Remote-controlled drones have played an important role in lowering the cost and increasing the safety profile of collecting geospatial data in physically dangerous environments. In agriculture, insurance adjusters are using tools that visualize the plant health in real time so that users can “evaluate damage at the field’s edge” and receive quantifiable results.


Ground collection is the oldest method of acquiring geospatial data and is still the most widely adopted. Sensors are deployed at fixed locations or mounted on mobile platforms. Fixed sensors tend to be in close proximity to an area of interest and can produce continuous monitoring at the highest resolutions unattended. Fixed solutions tend to be used in industries like agriculture and mining. The market size of the fixed sensors is expected to grow moderately at a 4.7% CAGR, from $2.0 billion in 2022 to $2.8 billion by 2028. Mobile sensors include those mounted on vehicles
and hand-held devices. The most well known mobile ground sensing project is Google Street View. Started 15 years ago, Google has collected street view imagery across the globe. This service is now accessible to users in over 100 countries and has accumulated over 220 billion images.


Modern smartphones are equipped with a variety of sensors and as a result, every person with a smartphone becomes a part of a larger crowdsourcing effort to create a detailed understanding of human activity at a micro and macro level. Geotagged photos and videos provide a tremendous amount of spatial data that is useful in a variety of applications. Snapchat allows users to tag photos with friends and visualize where friends are on Snapmap via the mobile app. Geospatial data collected by the wearables are being used by healthcare professionals to better understand the relationships between different physical activities and body health, monitor patient recovery conditions, and send out alerts in emergency situations. The market size for mobile sensors is much larger than the fixed ones, as the smartphone sensor market alone is forecasted to grow at a CAGR of 17% from 2022 to $379.0 billion in 2030.

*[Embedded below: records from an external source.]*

(* Let $U$ be a finite set of cardinality $n\ge1$. There is a bijection between the set $(C\circ\mathcal P)^\bullet[U]$ and the set of pairs $(\mathcal X,\lambda)$ where $\mathcal X$ is an $n$-periodic Ptolemy diagram of the $\infty$-gon all of whose arcs have length at most $n$, and $\lambda$ is a bijection from the set $\mathbb Z/n\mathbb Z$ of residue classes of vertices of the $\infty$-gon modulo $n$ to $U$.
   Context: An arc of the $\infty$-gon is a pair $(i,j)$ of integers with $j-i\ge2$, of length $j-i$; the vertices of the $\infty$-gon are the integers. A collection of arcs is $n$-periodic if it is closed under $(i,j)\mapsto(i+tn,j+tn)$, $t\in\mathbb Z$. Two arcs $(i,j),(k,l)$ cross if $i<k<j<l$ or $k<i<l<j$. A Ptolemy diagram of the $\infty$-gon is a collection $\mathcal X$ of arcs such that whenever $(i,j),(r,s)\in\mathcal X$ cross with $i<r$, each of $(i,r),(i,s),(r,j),(j,s)$ which is an arc lies in $\mathcal X$. For $N\ge 3$, a Ptolemy diagram of a convex $N$-gon is a set of diagonals such that whenever two diagonals in it cross, all diagonals among their four endpoints belong to it. A Ptolemy diagram with distinguished base edge on the $(N+1)$-gon, $N\ge1$, is a Ptolemy diagram of the $(N+1)$-gon together with a chosen edge (for $N=1$: the degenerate diagram consisting of two vertices and one edge); the base vertex is the first vertex of the base edge going counterclockwise. For a finite set $V$ with $|V|=N$, $\mathcal P[V]$ is the set of Ptolemy diagrams with distinguished base edge on the $(N+1)$-gon whose non-base vertices are labelled bijectively by $V$. $(C\circ\mathcal P)[U]$ is the set of cyclically ordered tuples $(P_1,\dots,P_r)$ (up to cyclic rotation) where $U=V_1\sqcup\dots\sqcup V_r$ is a set partition into nonempty blocks and $P_s\in\mathcal P[V_s]$. The pointed version $(C\circ\mathcal P)^\bullet[U]$ is the set of pairs $(\gamma,u)$ with $\gamma\in(C\circ\mathcal P)[U]$ and $u\in U$. *)

theory Defs
  imports "HOL-Library.FuncSet"
begin

definition crosses :: "'a::linorder \<times> 'a \<Rightarrow> 'a \<times> 'a \<Rightarrow> bool" where
  "crosses a b \<longleftrightarrow> (case a of (i, j) \<Rightarrow> case b of (k, l) \<Rightarrow>
      (i < k \<and> k < j \<and> j < l) \<or> (k < i \<and> i < l \<and> l < j))"

definition is_arc :: "int \<times> int \<Rightarrow> bool" where
  "is_arc a \<longleftrightarrow> snd a - fst a \<ge> 2"

definition arc_length :: "int \<times> int \<Rightarrow> int" where
  "arc_length a = snd a - fst a"

definition periodic_arcs :: "int \<Rightarrow> (int \<times> int) set \<Rightarrow> bool" where
  "periodic_arcs n X \<longleftrightarrow> (\<forall>i j t. (i, j) \<in> X \<longrightarrow> (i + t * n, j + t * n) \<in> X)"

definition ptolemy_inf :: "(int \<times> int) set \<Rightarrow> bool" where
  "ptolemy_inf X \<longleftrightarrow> (\<forall>a \<in> X. is_arc a) \<and>
     (\<forall>i j r s. (i, j) \<in> X \<and> (r, s) \<in> X \<and> crosses (i, j) (r, s) \<and> i < r \<longrightarrow>
        (\<forall>b \<in> {(i, r), (i, s), (r, j), (j, s)}. is_arc b \<longrightarrow> b \<in> X))"

definition zmod_classes :: "int \<Rightarrow> int set set" where
  "zmod_classes n = {{k. k mod n = i mod n} | i. True}"

text \<open>A convex M-gon has vertices 0,...,M-1 in counterclockwise order.
  Diagonals are pairs (i,j), i<j, of non-adjacent vertices.\<close>
definition is_diagonal :: "nat \<Rightarrow> nat \<times> nat \<Rightarrow> bool" where
  "is_diagonal M d \<longleftrightarrow> (case d of (i, j) \<Rightarrow>
      i < j \<and> j < M \<and> j - i \<ge> 2 \<and> \<not> (i = 0 \<and> j = M - 1))"

definition ptolemy_poly :: "nat \<Rightarrow> (nat \<times> nat) set \<Rightarrow> bool" where
  "ptolemy_poly M D \<longleftrightarrow> (\<forall>d \<in> D. is_diagonal M d) \<and>
     (\<forall>i j k l. (i, j) \<in> D \<and> (k, l) \<in> D \<and> crosses (i, j) (k, l) \<longrightarrow>
        (\<forall>x \<in> {i, j, k, l}. \<forall>y \<in> {i, j, k, l}. is_diagonal M (x, y) \<longrightarrow> (x, y) \<in> D))"

text \<open>Ptolemy diagrams with distinguished base edge on the (N+1)-gon, labelled by V (|V| = N).
  Canonical representation: the (N+1)-gon has vertices 0..N counterclockwise, the base
  vertex is 0 and the base edge is {0,1}; the list ls labels vertex k (1 \<le> k \<le> N) by ls!(k-1).
  For N = 1 the only diagram is the degenerate one (no diagonals).\<close>
definition P_struct :: "'a set \<Rightarrow> ((nat \<times> nat) set \<times> 'a list) set" where
  "P_struct V = {(D, ls). distinct ls \<and> set ls = V \<and> ls \<noteq> [] \<and> ptolemy_poly (length ls + 1) D}"

text \<open>(C o P)[U]: cyclically ordered tuples of P-structures on the blocks of a set partition of U,
  represented as rotation orbits of lists.\<close>
definition CP_valid :: "'a set \<Rightarrow> ((nat \<times> nat) set \<times> 'a list) list \<Rightarrow> bool" where
  "CP_valid U ps \<longleftrightarrow> ps \<noteq> [] \<and> (\<forall>p \<in> set ps. p \<in> P_struct (set (snd p))) \<and>
     distinct (concat (map snd ps)) \<and> set (concat (map snd ps)) = U"
(* Let $F$ be a bipartite graph on vertices $v_1,\dots,v_m$, let $\mathcal{H}$ be a nonempty class of graphs, and let $H$ be an $\mathcal{H}$-blow-up of $F$. Then $H\times K_2\cong H^{V(F)}$.
   Context: The tensor product $H'\times K_2$ has vertex set $V(H')\times\{1,2\}$, with $(x,i)\sim(y,j)$ iff $xy\in E(H')$ and $i\ne j$. The $\mathcal{H}$-blow-up $H$ of $F$ is the disjoint union of $H_1,\dots,H_m\in\mathcal{H}$ (on vertex sets $V_1,\dots,V_m$, $H_i$ replacing $v_i$) with all edges between $V_i$ and $V_j$ added whenever $v_iv_j\in E(F)$. For $U\subseteq V(F)$, the graph $H^{U}$ is defined as follows: take two vertex-disjoint copies of $H$, on $\bigsqcup_i W_i$ and $\bigsqcup_i W_i'$, where $W_i,W_i'$ are copies of $V_i$; then for each $j$ with $v_j\in U$, delete all edges inside $W_j$ and inside $W_j'$ and instead join the copy $w\in W_j$ of $x\in V_j$ to the copy $w'\in W_j'$ of $y\in V_j$ whenever $xy\in E(H_j)$ (so the graph on $W_j\sqcup W_j'$ becomes $H_j\times K_2$). All other edges are as in the two copies of $H$. *)

theory Defs
  imports Main
begin

type_synonym 'a graph = "'a set \<times> ('a \<Rightarrow> 'a \<Rightarrow> bool)"

definition verts :: "'a graph \<Rightarrow> 'a set" where "verts G = fst G"
definition adj :: "'a graph \<Rightarrow> 'a \<Rightarrow> 'a \<Rightarrow> bool" where "adj G = snd G"

definition simple_graph :: "'a graph \<Rightarrow> bool" where
  "simple_graph G \<longleftrightarrow> finite (verts G) \<and>
     (\<forall>x y. adj G x y \<longrightarrow> x \<in> verts G \<and> y \<in> verts G \<and> x \<noteq> y \<and> adj G y x)"

definition bipartite :: "'a graph \<Rightarrow> bool" where
  "bipartite G \<longleftrightarrow> (\<exists>A \<subseteq> verts G. \<forall>x y. adj G x y \<longrightarrow> (x \<in> A \<longleftrightarrow> y \<notin> A))"

definition graph_iso :: "'a graph \<Rightarrow> 'b graph \<Rightarrow> bool" where
  "graph_iso G G' \<longleftrightarrow> (\<exists>f. bij_betw f (verts G) (verts G') \<and>
     (\<forall>x\<in>verts G. \<forall>y\<in>verts G. adj G x y \<longleftrightarrow> adj G' (f x) (f y)))"

text \<open>Tensor product with K_2; the two vertices of K_2 are represented by bool.\<close>
definition tensor_K2 :: "'a graph \<Rightarrow> ('a \<times> bool) graph" where
  "tensor_K2 G = (verts G \<times> UNIV, (\<lambda>(x,i) (y,j). adj G x y \<and> i \<noteq> j))"

text \<open>Blow-up of F: vertex v of F is replaced by the graph Hs v; the parts V_v are made
  disjoint by tagging with v; complete bipartite joins between parts of adjacent vertices.\<close>
definition blowup :: "'v graph \<Rightarrow> ('v \<Rightarrow> 'a graph) \<Rightarrow> ('v \<times> 'a) graph" where
  "blowup F Hs = ({(v,x). v \<in> verts F \<and> x \<in> verts (Hs v)},
     (\<lambda>(v,x) (w,y). (v = w \<and> v \<in> verts F \<and> adj (Hs v) x y) \<or>
        (adj F v w \<and> x \<in> verts (Hs v) \<and> y \<in> verts (Hs w))))"

text \<open>The graph H^U: two copies (tagged False / True) of the blow-up; for v in U, the edges
  inside both copies of part v are removed and replaced by a copy of (Hs v) x K_2 between them.\<close>
definition blowup_U :: "'v graph \<Rightarrow> ('v \<Rightarrow> 'a graph) \<Rightarrow> 'v set \<Rightarrow> (('v \<times> 'a) \<times> bool) graph" where
  "blowup_U F Hs U = (verts (blowup F Hs) \<times> UNIV,
     (\<lambda>((v,x),i) ((w,y),j).
        if v = w \<and> v \<in> U then v \<in> verts F \<and> adj (Hs v) x y \<and> i \<noteq> j
        else i = j \<and> adj (blowup F Hs) (v,x) (w,y)))"

end

theory Submission
  imports Defs
begin

text \<open>Fix a bipartition \<open>(A, B)\<close> of \<open>F\<close>. The isomorphism keeps the layer of every vertex
  lying over \<open>A\<close> and swaps the two layers over \<open>B\<close>. Two vertices in the same part are
  treated alike, so the layer-crossing edges of \<open>H\<^sub>v \<times> K\<^sub>2\<close> stay layer-crossing; two vertices
  in adjacent parts lie over different sides of the bipartition, so exactly one of them
  changes layer and the crossing edges between the parts become layer-preserving ones.\<close>

definition swap_layer_outside :: "'v set \<Rightarrow> (('v \<times> 'a) \<times> bool) \<Rightarrow> (('v \<times> 'a) \<times> bool)" where
  "swap_layer_outside A = (\<lambda>((v,x),i). ((v,x), if v \<in> A then i else \<not> i))"

lemma swap_layer_outside_simp [simp]:
  "swap_layer_outside A ((v,x),i) = ((v,x), if v \<in> A then i else \<not> i)"
  by (simp add: swap_layer_outside_def)

lemma swap_layer_outside_involution [simp]:
  "swap_layer_outside A (swap_layer_outside A p) = p"
  by (cases p) auto

lemma bij_betw_swap_layer_outside:
  assumes "\<And>v x i j. ((v,x),i) \<in> S \<Longrightarrow> ((v,x),j) \<in> S"
  shows "bij_betw (swap_layer_outside A) S S"
  by (rule bij_betw_byWitness[where f' = "swap_layer_outside A"]) (auto intro: assms)

lemma verts_tensor_K2_blowup_eq_verts_blowup_U:
  "verts (tensor_K2 (blowup F Hs)) = verts (blowup_U F Hs U)"
  by (simp add: tensor_K2_def blowup_U_def verts_def)

lemma adj_tensor_K2_blowup:
  "adj (tensor_K2 (blowup F Hs)) ((v,x),i) ((w,y),j) \<longleftrightarrow>
     i \<noteq> j \<and> ((v = w \<and> v \<in> verts F \<and> adj (Hs v) x y) \<or>
                (adj F v w \<and> x \<in> verts (Hs v) \<and> y \<in> verts (Hs w)))"
  by (auto simp: tensor_K2_def blowup_def adj_def)

lemma adj_blowup_U_verts:
  assumes "simple_graph F"
  shows "adj (blowup_U F Hs (verts F)) ((v,x),i) ((w,y),j) \<longleftrightarrow>
     (v = w \<and> v \<in> verts F \<and> adj (Hs v) x y \<and> i \<noteq> j) \<or>
     (i = j \<and> adj F v w \<and> x \<in> verts (Hs v) \<and> y \<in> verts (Hs w))"
proof -
  have "adj F v w \<Longrightarrow> v \<noteq> w \<and> v \<in> verts F" using assms by (auto simp: simple_graph_def)
  then show ?thesis by (auto simp: blowup_U_def blowup_def adj_def)
qed

theorem lemma5p3:
  fixes F :: "'v graph" and \<H> :: "'a graph set" and Hs :: "'v \<Rightarrow> 'a graph"
  assumes "simple_graph F" and "bipartite F"
    and "\<H> \<noteq> {}" and "\<forall>G\<in>\<H>. simple_graph G"
    and "\<forall>v\<in>verts F. Hs v \<in> \<H>"
  shows "graph_iso (tensor_K2 (blowup F Hs)) (blowup_U F Hs (verts F))"
proof -
  obtain A where A: "\<And>v w. adj F v w \<Longrightarrow> v \<in> A \<longleftrightarrow> w \<notin> A"
    using assms(2) unfolding bipartite_def by blast
  let ?f = "swap_layer_outside A"
  have "bij_betw ?f (verts (tensor_K2 (blowup F Hs))) (verts (blowup_U F Hs (verts F)))"
    unfolding verts_tensor_K2_blowup_eq_verts_blowup_U[where U = "verts F"]
    by (rule bij_betw_swap_layer_outside) (simp add: blowup_U_def verts_def)
  moreover have "adj (tensor_K2 (blowup F Hs)) p q \<longleftrightarrow>
      adj (blowup_U F Hs (verts F)) (?f p) (?f q)" for p q
  proof -
    obtain v x i w y j where "p = ((v,x),i)" and "q = ((w,y),j)"
      by (metis prod.collapse)
    then show ?thesis
      using A[of v w] by (auto simp: adj_tensor_K2_blowup adj_blowup_U_verts[OF assms(1)])
  qed
  ultimately show ?thesis unfolding graph_iso_def by blast
qed

end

Geospatial data comes from a variety of devices that speak fundamentally different languages. Historically, making use of this information has required the collaboration of highly trained professionals including data engineers, subject matter experts, and GIS specialists to create even basic reports. Constraining matters further, only 5% of data science and other engineering fields are trained in the tools to analyze geospatial data. The need for human intervention and specialized knowledge has kept costs high and access low.


Data Fusion

The more effectively we can merge different spatial data to create unified and uniformly accessible data, for example vector and raster, the more types of spatial relationships we can derive. This is the concept of spatial data fusion, a way to enable new cross referencing and data visualization to provide a better understanding of a situation or problem, which wouldn’t have been possible otherwise. Data fusion is not limited to the merging of data from different sources, but from different time periods as well.


With an increase in the variety, capability, and number of sensors, the amount of data (optical, spectral, multispectral, LiDAR, SAR, DEM, etc.) intended to enhance decision-making and human-system performance can lead to information overload and obscure the most relevant aspects of a situation, leading to decision fatigue.


Data fusion can address this challenge by making sense of disparate data and leading to a richer
understanding with less noise by: Fusing raw sensor data, Co-registering and overlaying sensor outputs, Extracting features/key points of interest from each sensor, independently and then fusing the feature sets; Applying independent algorithms to each sensor (e.g., a target detection algorithm on each sensor individually) and then fusing the algorithm (e.g., detection) results; Implementing change analysis that occurs on the same type of spatial data over a period of time (multitemporal data). Studies have shown how the combination of radar’s structure data and multispectral sensor’s reflectance data are highly complementary to improving the accuracy of assessing and monitoring biodiversity at scale.


The exponential growth in geospatial data has driven the need for new ways to process, transform, and analyze information, which has resulted in a shift to the “as-a-service” paradigm.


In recent years, cloud computing has become an integral component in the management of geospatial data. According to NSR, a satellite and space market research and consulting firm, 486 PB (petabytes) of raw satellite imagery will need to be downlinked to Cloud servers over the next 10 years. One way companies are evolving to meet the deluge of data is moving processing to the edge. A secondary effect is Big Tech companies are releasing additional products and features specifically for geospatial use cases.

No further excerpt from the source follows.